Exercise directions: Below is a listing. Gather each line of it that contains "assumes".

Dataset entries:
lemma psi_hat_eq:
  assumes zb: "z + complex_of_real b \<noteq> 0"
  shows "psi_hat z = (laplace01 \<phi> (- complex_of_real b) - laplace01 \<phi> z) / (z + complex_of_real b)"
proof -
  have "psi_hat z = (\<integral>x. (\<integral>y. psi_hat_integrand z x y \<partial>lborel) \<partial>lborel)"
    unfolding psi_hat_def
  proof (rule Bochner_Integration.integral_cong[OF refl])
    fix x :: real
    show "complex_of_real (psi_ext x) * exp (- z * complex_of_real x) = (\<integral>y. psi_hat_integrand z x y \<partial>lborel)"
    proof (cases "x \<in> {0..1}")
      case True
      thus ?thesis
        unfolding psi_ext_repr integral_complex_of_real[symmetric] integral_mult_left_zero[symmetric]
        by (intro Bochner_Integration.integral_cong refl) (auto simp: psi_hat_integrand_def phi_ext_def indicator_def scaleR_conv_of_real)
    next
      case False
      hence "psi_hat_integrand z x y = 0" for y by (auto simp: psi_hat_integrand_def phi_ext_def indicator_def)
      thus ?thesis using False by (simp add: psi_ext_def)
    qed
  qed
  also have "\<dots> = (\<integral>y. (\<integral>x. psi_hat_integrand z x y \<partial>lborel) \<partial>lborel)" by (rule lborel_Fubini_integral[OF psi_hat_integrand_integrable])
  also have "\<dots> = (\<integral>y. complex_of_real (phi_ext y) * ((exp (b * y) - exp (- z * y)) / (z + complex_of_real b)) \<partial>lborel)"
  proof (rule Bochner_Integration.integral_cong[OF refl])
    fix y :: real
    show "(\<integral>x. psi_hat_integrand z x y \<partial>lborel) = complex_of_real (phi_ext y) * ((exp (b * y) - exp (- z * y)) / (z + complex_of_real b))"
    proof (cases "y \<in> {0..1}")
      case True
      show ?thesis unfolding psi_hat_integrand_def integral_mult_right_zero
        by (subst integral_exp_shift_left[OF _ zb]) (use True in auto)
    qed (simp add: psi_hat_integrand_def phi_ext_def)
  qed
  also have "\<dots> = ((\<integral>y. complex_of_real (phi_ext y) * exp (b * y) \<partial>lborel) - (\<integral>y. complex_of_real (phi_ext y) * exp (- z * y) \<partial>lborel))
      / (z + complex_of_real b)"
  proof -
    have "integrable lborel (\<lambda>y. complex_of_real (phi_ext y) * exp (b * y))"
      by (rule integrable_phi_ext_mult[where K="exp \<bar>b\<bar>"]) (measurable, use exp_mult_le_exp_abs in auto)
    moreover have "integrable lborel (\<lambda>y. complex_of_real (phi_ext y) * exp (- z * y))"
      by (rule integrable_phi_ext_mult[where K="exp \<bar>Re z\<bar>"]) (measurable, use norm_cexp_mult_le in auto)
    ultimately show ?thesis by (simp add: right_diff_distrib)
  qed
  also have "\<dots> = (laplace01 \<phi> (- complex_of_real b) - laplace01 \<phi> z) / (z + complex_of_real b)"
    by (simp add: laplace01_eq_lborel flip: exp_of_real)
  finally show ?thesis .
qed

lemma integrable_g_mult:
  fixes k :: "real \<Rightarrow> complex"
  assumes "k \<in> borel_measurable borel" and "\<And>y. y \<in> {0..1} \<Longrightarrow> norm (k y) \<le> K"
  shows "integrable lborel (\<lambda>y. complex_of_real (indicator {0..1} y * g y) * k y)"
proof (rule integrable_of_real_mult_bounded[OF _ _ assms])
  show "integrable lborel (\<lambda>y. indicator {0..1} y * g y)"
    using integrable_indicator_mult_g[of "\<lambda>_. 1" 1] by simp
qed simp

definition "g_hat w = (\<integral>u. complex_of_real (indicator {0..1} u * g u) * exp (- w * complex_of_real u) \<partial>lborel)"

definition "convolution_integrand z x u = complex_of_real (indicator {0..1} u * g u)
      * (indicator {u..1} x *\<^sub>R (exp (b * (x - u)) *\<^sub>R exp (- z * complex_of_real x)))"

lemma convolution_integrand_integrable:
  "integrable (lborel \<Otimes>\<^sub>M lborel) (\<lambda>(x,u). convolution_integrand z x u)"
proof -
  have "(\<lambda>(x,u). convolution_integrand z x u) = (\<lambda>(x,u). complex_of_real (indicator {0..1} u * (if u \<le> x \<and> x \<le> 1 then 1 else 0)
      * g u * exp (b * (x - u))) * exp (- z * complex_of_real x))"
    by (auto simp: convolution_integrand_def indicator_def scaleR_conv_of_real fun_eq_iff)
  also have "\<dots> \<in> borel_measurable (lborel \<Otimes>\<^sub>M lborel)"
    by (rule borel_measurable_lborel_pairI) measurable
  finally have integrand_meas: "(\<lambda>(x,u). convolution_integrand z x u) \<in> borel_measurable (lborel \<Otimes>\<^sub>M lborel)" .
  have integrand_bound: "norm (convolution_integrand z x u) \<le> (exp \<bar>b\<bar> * g_sup * exp \<bar>Re z\<bar>) * indicator {0..1} x * indicator {0..1} u" for x u
  proof (cases "0 \<le> u \<and> u \<le> x \<and> x \<le> 1")
    case True
    have "exp (b * (x - u)) \<le> exp \<bar>b\<bar>" "norm (exp (- z * complex_of_real x)) \<le> exp \<bar>Re z\<bar>" "\<bar>g u\<bar> \<le> g_sup"
      using True by (intro exp_mult_le_exp_abs norm_cexp_mult_le g_bound; auto)+
    hence "\<bar>g u\<bar> * (exp (b * (x - u)) * norm (exp (- z * complex_of_real x))) \<le> g_sup * (exp \<bar>b\<bar> * exp \<bar>Re z\<bar>)"
      by (intro mult_mono) auto
    thus ?thesis using True by (simp add: convolution_integrand_def norm_mult mult_ac)
  qed (use g_sup_nonneg in \<open>auto simp: convolution_integrand_def indicator_def\<close>)
  show ?thesis
    by (rule integrable_lborel_pair_boundedI[OF integrand_meas integrand_bound]) (use g_sup_nonneg nn_integral_indicator_01_finite in auto)
qed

Answer below:
  assumes zb: "z + complex_of_real b \<noteq> 0"
  assumes "k \<in> borel_measurable borel" and "\<And>y. y \<in> {0..1} \<Longrightarrow> norm (k y) \<le> K"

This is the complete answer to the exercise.